If you’ve been following my blog and twitter, you’ll have noticed I am gaining more interest in the research that underpins our practice as teachers, particularly around memory. My latest find is perhaps not as powerful as some of the other research available, but is something to consider nonetheless.
- Have you ever been in a meeting and doodled on the agenda?
- Have you ever had feedback from an observer saying that learners weren’t learning as they were doodling on their notepads?
- Have you ever been bored in a lecture and doodled in your margins?
Well you may be surprised to hear that doodling can actually improve short term memory and concentration!
Research conducted by Andrade examined 40 participants in a monotonous mock telephone message for the names of people coming to a party. Half of the group was randomly assigned to a ‘doodling’ condition where they shaded printed shapes while listening to the telephone call. The doodling group performed better on the monitoring task and recalled 29% more information on a surprise memory test.

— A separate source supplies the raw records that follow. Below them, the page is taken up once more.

(*
  The multipliers are the certificate: after clearing the denominators of the betas and
  substituting p^2 = -q^2, both sides are the same polynomial in a, c, q, n and the values of f.
*)
lemma DD_mult_beta_residual_eq:
  fixes a c p q :: complex and f :: "nat \<Rightarrow> complex"
  assumes q: "q^2 = - (p^2)" and D: "DD c n \<noteq> 0" and n: "n \<ge> 5"
  defines "N \<equiv> of_nat n :: complex" and "T \<equiv> exp_kummer_residual a c q f"
  shows "DD c n * (f (n+1) - (beta0 a c p n * f n + beta1 a c p n * f (n-1)
               + beta2 a c p n * f (n-2) + beta3 a c p n * f (n-3)
               + beta4 a c p n * f (n-4) + beta5 a c p n * f (n-5)))
     = (2*N*c - 3*N*c^2 + N*c^3 - 2*N^2*c + N^2*c^2) * T (n - 1)
  + (- 10*c + 4*c^2 - 2*c^2*q + c^3*q + 16*a - 4*a*c - a*c^2 + 10*N*c - 4*N*c*q - 3*N*c^2
     + 2*N*c^2*q - 16*N*a + 4*N*a*c - 2*N^2*c + 4*N^2*a) * T (n - 2)
  + (12 - 48*q^2 - 8*c + 10*c*q + 10*c*q^2 - 3*c^2*q + c^2*q^2 + 10*a - 16*a*q + 2*a*c + 4*a*c*q
     - 4*a^2 - 7*N + 28*N*q^2 + 3*N*c - 4*N*c*q - 4*N*c*q^2 - 4*N*a + 8*N*a*q + N^2 - 4*N^2*q^2)
     * T (n - 3)
  + (4 - 8*q - 16*q^2 + 32*q^3 + 3*c*q - 2*c*q^2 - 4*c*q^3 - a - 4*a*q + 8*a*q^2 - N + 2*N*q
     + 4*N*q^2 - 8*N*q^3) * T (n - 4)
  + (- q + q^2 + 4*q^3 - 4*q^4) * T (n - 5)"
proof -
  obtain k where k: "n = k + 5" using n le_Suc_ex by (metis add.commute)
  define E where "E = (c - 2) * c * (N + 1) * (c + N)"
  have DD_split: "DD c n = E * (N * (c + N - 1))"
    unfolding DD_def Let_def E_def N_def by (simp only: mult_ac)
  have cancel_DD: "DD c n * (x / DD c n) = x" for x using D by simp
  have cancel_E: "E * M * (x / E) = M * x" for M x using D DD_split by simp
  have distrib: "DD c n * (f (n+1) - (beta0 a c p n * f n + beta1 a c p n * f (n-1)
               + beta2 a c p n * f (n-2) + beta3 a c p n * f (n-3)
               + beta4 a c p n * f (n-4) + beta5 a c p n * f (n-5)))
      = DD c n * f (n+1) - (DD c n * beta0 a c p n * f n + DD c n * beta1 a c p n * f (n-1)
               + DD c n * beta2 a c p n * f (n-2) + DD c n * beta3 a c p n * f (n-3)
               + DD c n * beta4 a c p n * f (n-4) + DD c n * beta5 a c p n * f (n-5))"
    by algebra
  have idx: "n + 1 = k + 6" "n - 1 = k + 4" "n - 2 = k + 3" "n - 3 = k + 2" "n - 4 = k + 1" "n - 5 = k + 0"
    using k by simp_all
  have T: "T (k + i) = (of_nat k + of_nat i + 2) * (of_nat k + of_nat i + 1 + c) * f (k + (i + 2))
      - ((1 + 2*q) * (of_nat k + of_nat i + 1) + (a + q*c)) * f (k + (i + 1)) + (q + q^2) * f (k + i)"
    for i
    by (simp add: T_def exp_kummer_residual_def add.assoc)
  have p: "p^4 = (p^2)^2" "p^2 = - (q^2)" using q by simp_all
  show ?thesis
    unfolding distrib
    apply (simp only: beta1_def beta2_def beta3_def beta4_def beta5_def Let_def cancel_DD)
    apply (simp only: DD_split beta0_def Let_def N_def[symmetric] E_def[symmetric] cancel_E)
    apply (simp only: idx T)
    apply (simp only: E_def N_def k p of_nat_add of_nat_numeral of_nat_0 of_nat_1 add_0_right add_0
        numeral_plus_numeral add_num_simps numeral_plus_one one_plus_numeral one_add_one)
    apply algebra
    done
qed

lemma beta_recurrence_if_exp_kummer_residual_zero:
  fixes f :: "nat \<Rightarrow> complex"
  assumes "q^2 = - (p^2)" and D: "DD c n \<noteq> 0" and "n \<ge> 5"
    and "\<And>m. exp_kummer_residual a c q f m = 0"
  shows "f (n+1) = beta0 a c p n * f n + beta1 a c p n * f (n-1)
               + beta2 a c p n * f (n-2) + beta3 a c p n * f (n-3)
               + beta4 a c p n * f (n-4) + beta5 a c p n * f (n-5)"
proof -
  have "DD c n * (f (n+1) - (beta0 a c p n * f n + beta1 a c p n * f (n-1)
               + beta2 a c p n * f (n-2) + beta3 a c p n * f (n-3)
               + beta4 a c p n * f (n-4) + beta5 a c p n * f (n-5))) = 0"
    unfolding DD_mult_beta_residual_eq[OF assms(1-3)] using assms(4) by simp
  then show ?thesis using D by simp
qed

lemma fps_sin_mult_kummer_fps_recurrence:
  fixes a c p :: complex
  assumes c: "\<forall>k::nat. c \<noteq> - of_nat k" and c2: "c \<noteq> 2" and n: "n \<ge> 5"
  defines "S \<equiv> fps_sin p * kummer_fps a c"
  shows "S $ (n+1) = beta0 a c p n * S $ n + beta1 a c p n * S $ (n-1)
               + beta2 a c p n * S $ (n-2) + beta3 a c p n * S $ (n-3)
               + beta4 a c p n * S $ (n-4) + beta5 a c p n * S $ (n-5)"
proof -
  define F where "F q = fps_exp q * kummer_fps a c" for q
  have "S = fps_const (inverse (2 * \<i>)) * (F (\<i> * p) - F (- \<i> * p))"
    unfolding S_def F_def fps_sin_fps_exp_ii by (simp add: algebra_simps)
  then have S: "S $ m = inverse (2 * \<i>) * (F (\<i> * p) $ m - F (- \<i> * p) $ m)" for m
    by simp
  have D: "DD c n \<noteq> 0" using n by (intro DD_nonzero[OF c c2]) simp
  have rec: "F q $ (n+1) = beta0 a c p n * F q $ n + beta1 a c p n * F q $ (n-1)
               + beta2 a c p n * F q $ (n-2) + beta3 a c p n * F q $ (n-3)
               + beta4 a c p n * F q $ (n-4) + beta5 a c p n * F q $ (n-5)" if "q^2 = - (p^2)" for q
    unfolding F_def
    by (rule beta_recurrence_if_exp_kummer_residual_zero[OF that D n
          exp_kummer_residual_fps_exp_mult_kummer_fps[OF c]])
  have "(\<i> * p)^2 = - (p^2)" "(- \<i> * p)^2 = - (p^2)" by (simp_all add: power_mult_distrib)
  from this[THEN rec] show ?thesis
    unfolding S by algebra
qed

lemma fps_mult_nth_le5:
  fixes f g :: "'a::comm_ring_1 fps"
  shows "(f * g) $ 0 = f$0 * g$0"
    "(f * g) $ 1 = f$0 * g$1 + f$1 * g$0"
    "(f * g) $ 2 = f$0 * g$2 + f$1 * g$1 + f$2 * g$0"
    "(f * g) $ 3 = f$0 * g$3 + f$1 * g$2 + f$2 * g$1 + f$3 * g$0"
    "(f * g) $ 4 = f$0 * g$4 + f$1 * g$3 + f$2 * g$2 + f$3 * g$1 + f$4 * g$0"
    "(f * g) $ 5 = f$0 * g$5 + f$1 * g$4 + f$2 * g$3 + f$3 * g$2 + f$4 * g$1 + f$5 * g$0"
  by (simp_all add: fps_mult_nth atLeast0AtMost eval_nat_numeral)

Look, I’m under no illusion that the small number of participants and the method of assessing concentration and short term memory is open to criticism, but it’s worth noting this:
Just because someone is doodling whilst information is being shared with them, it doesn’t mean that they’re not learning – equally, it doesn’t mean that they are. But at least if anyone challenges you about your own, or your learners doodling, then you can point them in the direction of this.